The task:
Working from the listing below, pick each line containing the word "which" and copy it.

Given entries:
====

(* Let $\{w_t\}_{t=0}^T$ be generated by the CLion optimizer (defined in the context) for $T$ iterations, and let $\hat G=\max(G,\sqrt d)$. If $\|w_0\|\le\eta\hat G$ and $\lambda\le\frac{1}{2\eta\hat G T^\alpha}$ with $\alpha>1$, then for all $t$, $$\|w_t\|\le(t+1)\eta\hat G,\qquad \|w_t-w_{t-1}\|\le2\eta\hat G.$$
   Context: CLion optimizer with $\eta>0$, $\beta_1,\beta_2\in(0,1)$, $\lambda>0$, $\nu>0$: initialize $w_0\in\mathbb{R}^d$, $m_0=0$; for $t=1,\dots,T$: draw $\xi_t\sim\mathcal{D}$, $g_t=\nabla f(w_{t-1};\xi_t)$, $c_t=\beta_1m_{t-1}+(1-\beta_1)g_t$; with $S_t=\{j:(c_t)_j\ne0\}$, if $\min_{j\in S_t}|(c_t)_j|\ge\nu$ then $w_t=w_{t-1}-\eta(\mathrm{sign}(c_t)+\lambda w_{t-1})$, else $w_t=w_{t-1}-\eta(c_t+\lambda w_{t-1})$; $m_t=\beta_2m_{t-1}+(1-\beta_2)g_t$. Here $\mathrm{sign}$ is coordinatewise with $\mathrm{sign}(0)=0$. $G$ is the constant of the standing assumption that each $f(\cdot;\xi)$ is $G$-Lipschitz: $|f(w_1;\xi)-f(w_2;\xi)|\le G\|w_1-w_2\|$ for all $w_1,w_2,\xi$ (so $\|\nabla f(w;\xi)\|\le G$). $\|\cdot\|$ is the Euclidean norm. *)

theory Defs
  imports "HOL-Analysis.Analysis"
begin

definition sign_vec :: "real^'d \<Rightarrow> real^'d" where
  "sign_vec c = (\<chi> j. sgn (c $ j))"

definition clion_dir :: "real \<Rightarrow> real^'d \<Rightarrow> real^'d" where
  "clion_dir \<nu> c = (if (\<forall>j. c $ j \<noteq> 0 \<longrightarrow> \<nu> \<le> \<bar>c $ j\<bar>) then sign_vec c else c)"

text \<open>State (w_t, m_t) of CLion.  gr t w is the stochastic gradient used at
  iteration t, evaluated at w, i.e. gr t w = grad f(w; xi_t).\<close>
primrec clion_state ::
  "real \<Rightarrow> real \<Rightarrow> real \<Rightarrow> real \<Rightarrow> real \<Rightarrow> (nat \<Rightarrow> real^'d \<Rightarrow> real^'d) \<Rightarrow> real^'d
   \<Rightarrow> nat \<Rightarrow> (real^'d) \<times> (real^'d)" where
  "clion_state \<eta> \<beta>1 \<beta>2 lam \<nu> gr w0 0 = (w0, 0)"
| "clion_state \<eta> \<beta>1 \<beta>2 lam \<nu> gr w0 (Suc t) =
     (let (w, m) = clion_state \<eta> \<beta>1 \<beta>2 lam \<nu> gr w0 t;
          g = gr (Suc t) w;
          c = \<beta>1 *\<^sub>R m + (1 - \<beta>1) *\<^sub>R g
      in (w - \<eta> *\<^sub>R (clion_dir \<nu> c + lam *\<^sub>R w),
          \<beta>2 *\<^sub>R m + (1 - \<beta>2) *\<^sub>R g))"

definition clion_w ::
  "real \<Rightarrow> real \<Rightarrow> real \<Rightarrow> real \<Rightarrow> real \<Rightarrow> (nat \<Rightarrow> real^'d \<Rightarrow> real^'d) \<Rightarrow> real^'d
   \<Rightarrow> nat \<Rightarrow> real^'d" where
  "clion_w \<eta> \<beta>1 \<beta>2 lam \<nu> gr w0 t = fst (clion_state \<eta> \<beta>1 \<beta>2 lam \<nu> gr w0 t)"

end

theory Submission
  imports Defs
begin

text \<open>Gradients of a G-Lipschitz function have norm at most G, hence so do the momentum and
  the interpolation c, which are convex combinations of gradients, and the update direction
  (sign c or c) has norm at most \<open>H = max G (sqrt d)\<close>. The iteration is the weight-decay recursion
  \<open>w' = (1 - \<eta> lam) w - \<eta> dir\<close>, so while \<open>\<eta> lam \<le> 1\<close> every step adds at most \<open>\<eta> H\<close> to the
  norm. The hypothesis on lam gives \<open>\<eta> lam T \<le> 1\<close>, so the decay term
  \<open>\<eta> lam norm w\<^sub>t \<le> \<eta> lam (t + 1) \<eta> H\<close> is at most \<open>\<eta> H\<close> as well, which bounds every increment
  by \<open>2 \<eta> H\<close>.\<close>

lemma norm_gradient_le_Lipschitz:
  fixes F :: "'a::euclidean_space \<Rightarrow> real"
  assumes deriv: "(F has_derivative (\<lambda>h. u \<bullet> h)) (at w)"
    and lip: "\<And>x y. \<bar>F x - F y\<bar> \<le> G * norm (x - y)"
  shows "norm u \<le> G"
proof (cases "u = 0")
  case True
  obtain b :: 'a where "b \<in> Basis" using nonempty_Basis by blast
  then have "0 < norm b" by (auto simp: nonzero_Basis)
  moreover have "0 \<le> G * norm b" using lip[of b 0] by (metis abs_ge_zero diff_zero order_trans)
  ultimately have "0 \<le> G" by (simp add: zero_le_mult_iff)
  with True show ?thesis by simp
next
  case False
  define g where "g s = F (w + s *\<^sub>R u)" for s :: real
  have "((\<lambda>s::real. w + s *\<^sub>R u) has_derivative (\<lambda>s. s *\<^sub>R u)) (at 0)"
    by (auto intro!: derivative_eq_intros)
  moreover have "(F has_derivative (\<lambda>h. u \<bullet> h)) (at (w + 0 *\<^sub>R u))"
    using deriv by simp
  ultimately have "(g has_derivative (\<lambda>s. u \<bullet> (s *\<^sub>R u))) (at 0)"
    unfolding g_def by (rule has_derivative_compose)
  then have "(g has_real_derivative u \<bullet> u) (at 0)"
    by (simp add: has_field_derivative_def mult.commute[of _ "u \<bullet> u"])
  then have "((\<lambda>s. (g s - g 0) / s) \<longlongrightarrow> u \<bullet> u) (at 0)"
    by (simp add: DERIV_def)
  moreover have "\<forall>\<^sub>F s in at 0. (g s - g 0) / s \<le> G * norm u"
  proof (rule eventually_at_filter[THEN iffD2, OF always_eventually], intro allI impI)
    fix s :: real
    assume "s \<noteq> 0"
    have "(g s - g 0) / s \<le> \<bar>g s - g 0\<bar> / \<bar>s\<bar>"
      by (metis abs_divide abs_ge_self)
    also have "\<dots> \<le> G * norm u"
      using lip[of "w + s *\<^sub>R u" w] \<open>s \<noteq> 0\<close> by (simp add: g_def divide_le_eq mult_ac)
    finally show "(g s - g 0) / s \<le> G * norm u" .
  qed
  ultimately have "u \<bullet> u \<le> G * norm u"
    by (rule tendsto_upperbound) simp
  then show ?thesis
    using False by (simp add: dot_square_norm power2_eq_square)
qed

lemma norm_sign_vec_le: "norm (sign_vec (c::real^'d)) \<le> sqrt (real CARD('d))"
proof -
  have "norm (sign_vec c) \<le> norm (1::real^'d)"
    by (rule norm_le_componentwise_cart) (simp add: sign_vec_def sgn_if)
  also have "norm (1::real^'d) = sqrt (real CARD('d))"
    by (simp add: norm_vec_def L2_set_def)
  finally show ?thesis .
qed

lemma norm_clion_dir_le:
  fixes c :: "real^'d"
  assumes "norm c \<le> G"
  shows "norm (clion_dir \<nu> c) \<le> max G (sqrt (real CARD('d)))"
  using assms norm_sign_vec_le[of c] unfolding clion_dir_def by auto

lemma norm_convex_combination_le:
  fixes x y :: "'a::real_normed_vector"
  assumes "norm x \<le> G" "norm y \<le> G" "0 \<le> a" "a \<le> 1"
  shows "norm (a *\<^sub>R x + (1 - a) *\<^sub>R y) \<le> G"
  using convexD[OF convex_cball, of x 0 G y a "1 - a"] assms by simp

context
  fixes \<eta> \<beta>1 \<beta>2 lam \<nu> :: real
    and gr :: "nat \<Rightarrow> real^'d \<Rightarrow> real^'d"
    and w0 :: "real^'d"
begin

definition clion_m :: "nat \<Rightarrow> real^'d" where
  "clion_m t = snd (clion_state \<eta> \<beta>1 \<beta>2 lam \<nu> gr w0 t)"

text \<open>\<open>clion_c t\<close> is the paper's \<open>c\<^sub>t\<^sub>+\<^sub>1\<close>: it combines \<open>m\<^sub>t\<close> with the gradient at \<open>w\<^sub>t\<close>
  and determines \<open>w\<^sub>t\<^sub>+\<^sub>1\<close>.\<close>
definition clion_c :: "nat \<Rightarrow> real^'d" where
  "clion_c t = \<beta>1 *\<^sub>R clion_m t + (1 - \<beta>1) *\<^sub>R gr (Suc t) (clion_w \<eta> \<beta>1 \<beta>2 lam \<nu> gr w0 t)"

lemma clion_w_Suc:
  "clion_w \<eta> \<beta>1 \<beta>2 lam \<nu> gr w0 (Suc t) = clion_w \<eta> \<beta>1 \<beta>2 lam \<nu> gr w0 t
     - \<eta> *\<^sub>R (clion_dir \<nu> (clion_c t) + lam *\<^sub>R clion_w \<eta> \<beta>1 \<beta>2 lam \<nu> gr w0 t)"
  by (simp add: clion_w_def clion_c_def clion_m_def case_prod_beta Let_def)

lemma clion_m_Suc:
  "clion_m (Suc t) = \<beta>2 *\<^sub>R clion_m t + (1 - \<beta>2) *\<^sub>R gr (Suc t) (clion_w \<eta> \<beta>1 \<beta>2 lam \<nu> gr w0 t)"
  by (simp add: clion_w_def clion_m_def case_prod_beta Let_def)

lemma norm_clion_m_le:
  assumes gr: "\<And>s w. norm (gr s w) \<le> G" and "0 \<le> \<beta>2" "\<beta>2 \<le> 1"
  shows "norm (clion_m t) \<le> G"
proof (induction t)
  case 0
  show ?case using order_trans[OF norm_ge_zero gr] by (simp add: clion_m_def)
next
  case (Suc t)
  then show ?case
    unfolding clion_m_Suc using assms by (blast intro: norm_convex_combination_le)
qed

lemma norm_clion_c_le:
  assumes gr: "\<And>s w. norm (gr s w) \<le> G"
    and "0 \<le> \<beta>1" "\<beta>1 \<le> 1" "0 \<le> \<beta>2" "\<beta>2 \<le> 1"
  shows "norm (clion_c t) \<le> G"
  unfolding clion_c_def using assms norm_clion_m_le[OF gr]
  by (blast intro: norm_convex_combination_le)

end

lemma weight_decay_iterate_norm_le:
  fixes w d :: "nat \<Rightarrow> 'a::real_normed_vector"
  assumes step: "\<And>t. w (Suc t) = w t - \<eta> *\<^sub>R (d t + lam *\<^sub>R w t)"
    and d: "\<And>t. norm (d t) \<le> H"
    and \<eta>: "0 \<le> \<eta>" and lam: "0 \<le> lam" and horizon: "\<eta> * lam * real T \<le> 1"
    and w0: "norm (w 0) \<le> \<eta> * H"
  shows "t \<le> T \<Longrightarrow> norm (w t) \<le> (real t + 1) * \<eta> * H"
proof (induction t)
  case 0
  then show ?case using w0 by simp
next
  case (Suc t)
  have "1 \<le> real T" using Suc.prems by simp
  then have "\<eta> * lam * 1 \<le> \<eta> * lam * real T"
    using \<eta> lam by (intro mult_left_mono) auto
  then have decay: "0 \<le> 1 - \<eta> * lam" using horizon by linarith
  have "w (Suc t) = (1 - \<eta> * lam) *\<^sub>R w t - \<eta> *\<^sub>R d t"
    by (simp add: step algebra_simps)
  then have "norm (w (Suc t)) \<le> (1 - \<eta> * lam) * norm (w t) + \<eta> * norm (d t)"
    using decay \<eta> by (metis abs_of_nonneg norm_scaleR norm_triangle_ineq4)
  also have "\<dots> \<le> norm (w t) + \<eta> * H"
    using mult_nonneg_nonneg[OF mult_nonneg_nonneg[OF \<eta> lam] norm_ge_zero[of "w t"]]
      mult_left_mono[OF d[of t] \<eta>]
    by (simp add: left_diff_distrib)
  also have "\<dots> \<le> (real (Suc t) + 1) * \<eta> * H"
    using Suc by (simp add: algebra_simps)
  finally show ?case .
qed

lemma weight_decay_step_norm_le:
  fixes w d :: "nat \<Rightarrow> 'a::real_normed_vector"
  assumes step: "\<And>t. w (Suc t) = w t - \<eta> *\<^sub>R (d t + lam *\<^sub>R w t)"
    and d: "\<And>t. norm (d t) \<le> H"
    and \<eta>: "0 \<le> \<eta>" and lam: "0 \<le> lam" and horizon: "\<eta> * lam * real T \<le> 1"
    and w0: "norm (w 0) \<le> \<eta> * H"
    and "t < T"
  shows "norm (w (Suc t) - w t) \<le> 2 * \<eta> * H"
proof -
  have "0 \<le> H" using norm_ge_zero d by (rule order_trans)
  then have \<eta>H: "0 \<le> \<eta> * H" using \<eta> by simp
  have "norm (w t) \<le> (real t + 1) * \<eta> * H"
    using weight_decay_iterate_norm_le[OF assms(1-6), of t] \<open>t < T\<close> by simp
  also have "\<dots> \<le> real T * (\<eta> * H)"
    using mult_right_mono[of "real t + 1" "real T", OF _ \<eta>H] \<open>t < T\<close> by (simp add: mult.assoc)
  finally have "\<eta> * lam * norm (w t) \<le> \<eta> * lam * (real T * (\<eta> * H))"
    using \<eta> lam by (simp add: mult_left_mono)
  also have "\<dots> = (\<eta> * lam * real T) * (\<eta> * H)"
    by (simp only: mult_ac)
  also have "\<dots> \<le> \<eta> * H"
    using mult_right_mono[OF horizon \<eta>H] by simp
  finally have decay: "\<eta> * lam * norm (w t) \<le> \<eta> * H" .
  have "norm (w (Suc t) - w t) = \<eta> * norm (d t + lam *\<^sub>R w t)"
    using \<eta> by (simp add: step)
  also have "\<dots> \<le> \<eta> * (norm (d t) + lam * norm (w t))"
    using \<eta> lam norm_triangle_ineq[of "d t" "lam *\<^sub>R w t"] by (simp add: mult_left_mono)
  also have "\<dots> \<le> \<eta> * H + \<eta> * H"
    using decay mult_left_mono[OF d[of t] \<eta>] unfolding distrib_left mult.assoc by linarith
  finally show ?thesis by (simp add: mult_ac)
qed

lemma weight_decay_horizon_le:
  assumes "0 < \<eta>" "0 < H" "1 \<le> \<alpha>"
    and lam: "lam \<le> 1 / (2 * \<eta> * H * real T powr \<alpha>)"
  shows "\<eta> * lam * real T \<le> 1 / (2 * H)"
proof (cases "T = 0")
  case False
  then have pos: "0 < real T powr \<alpha>" by simp
  have "\<eta> * lam * real T \<le> \<eta> * (1 / (2 * \<eta> * H * real T powr \<alpha>)) * real T"
    using lam \<open>0 < \<eta>\<close> by (intro mult_right_mono mult_left_mono) auto
  also have "\<dots> = real T / (2 * H * real T powr \<alpha>)"
    using \<open>0 < \<eta>\<close> by simp
  also have "\<dots> \<le> real T powr \<alpha> / (2 * H * real T powr \<alpha>)"
    using powr_mono[OF \<open>1 \<le> \<alpha>\<close>, of "real T"] False pos \<open>0 < H\<close>
    by (intro divide_right_mono) auto
  also have "\<dots> = 1 / (2 * H)"
    using pos by simp
  finally show ?thesis .
qed (use assms in simp)

theorem lemma3:
  fixes f :: "'x \<Rightarrow> real^'d \<Rightarrow> real"
    and grad :: "'x \<Rightarrow> real^'d \<Rightarrow> real^'d"
    and \<xi> :: "nat \<Rightarrow> 'x"
    and w0 :: "real^'d"
    and \<eta> \<beta>1 \<beta>2 lam \<nu> G \<alpha> :: real
    and T :: nat
  assumes grad: "\<And>z w. (f z has_derivative (\<lambda>h. grad z w \<bullet> h)) (at w)"
    and lip: "\<And>z w1 w2. \<bar>f z w1 - f z w2\<bar> \<le> G * norm (w1 - w2)"
    and eta: "\<eta> > 0"
    and b1: "0 < \<beta>1" "\<beta>1 < 1"
    and b2: "0 < \<beta>2" "\<beta>2 < 1"
    and lam: "lam > 0"
    and nu: "\<nu> > 0"
    and alpha: "\<alpha> > 1"
    and w0: "norm w0 \<le> \<eta> * max G (sqrt (real CARD('d)))"
    and lam_le: "lam \<le> 1 / (2 * \<eta> * max G (sqrt (real CARD('d))) * real T powr \<alpha>)"
  shows "\<forall>t\<le>T.
           norm (clion_w \<eta> \<beta>1 \<beta>2 lam \<nu> (\<lambda>s w. grad (\<xi> s) w) w0 t)
             \<le> (real t + 1) * \<eta> * max G (sqrt (real CARD('d)))
         \<and> (1 \<le> t \<longrightarrow>
           norm (clion_w \<eta> \<beta>1 \<beta>2 lam \<nu> (\<lambda>s w. grad (\<xi> s) w) w0 t
                 - clion_w \<eta> \<beta>1 \<beta>2 lam \<nu> (\<lambda>s w. grad (\<xi> s) w) w0 (t - 1))
             \<le> 2 * \<eta> * max G (sqrt (real CARD('d))))"
proof -
  define H where "H = max G (sqrt (real CARD('d)))"
  define gr where "gr = (\<lambda>s w. grad (\<xi> s) w)"
  define W where "W = clion_w \<eta> \<beta>1 \<beta>2 lam \<nu> gr w0"
  have "1 \<le> H" unfolding H_def by (simp add: le_max_iff_disj)
  have dir_le: "\<And>t. norm (clion_dir \<nu> (clion_c \<eta> \<beta>1 \<beta>2 lam \<nu> gr w0 t)) \<le> H"
    unfolding H_def using norm_gradient_le_Lipschitz[OF grad lip] b1 b2
    by (intro norm_clion_dir_le norm_clion_c_le) (auto simp: gr_def)
  have "\<eta> * lam * real T \<le> 1 / (2 * H)"
    using weight_decay_horizon_le[of \<eta> H \<alpha> lam T] eta alpha lam_le \<open>1 \<le> H\<close> by (simp add: H_def)
  also have "\<dots> \<le> 1" using \<open>1 \<le> H\<close> by simp
  finally have horizon: "\<eta> * lam * real T \<le> 1" .
  have "W 0 = w0" by (simp add: W_def clion_w_def)
  note bounds = clion_w_Suc[of \<eta> \<beta>1 \<beta>2 lam \<nu> gr w0, folded W_def] dir_le
    less_imp_le[OF eta] less_imp_le[OF lam] horizon w0[folded H_def \<open>W 0 = w0\<close>]
  show ?thesis
    unfolding H_def[symmetric] gr_def[symmetric] W_def[symmetric]
  proof (intro allI impI conjI)
    fix t
    assume "t \<le> T"
    then show "norm (W t) \<le> (real t + 1) * \<eta> * H"
      by (rule weight_decay_iterate_norm_le[OF bounds])
    assume "1 \<le> t"
    then obtain s where t: "t = Suc s" by (cases t) auto
    with \<open>t \<le> T\<close> have "s < T" by simp
    then have "norm (W (Suc s) - W s) \<le> 2 * \<eta> * H"
      by (rule weight_decay_step_norm_le[OF bounds])
    then show "norm (W t - W (t - 1)) \<le> 2 * \<eta> * H" unfolding t by simp
  qed
qed

end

====

Answer for this exercise:
  the interpolation c, which are convex combinations of gradients, and the update direction
  \<open>\<eta> lam norm w\<^sub>t \<le> \<eta> lam (t + 1) \<eta> H\<close> is at most \<open>\<eta> H\<close> as well, which bounds every increment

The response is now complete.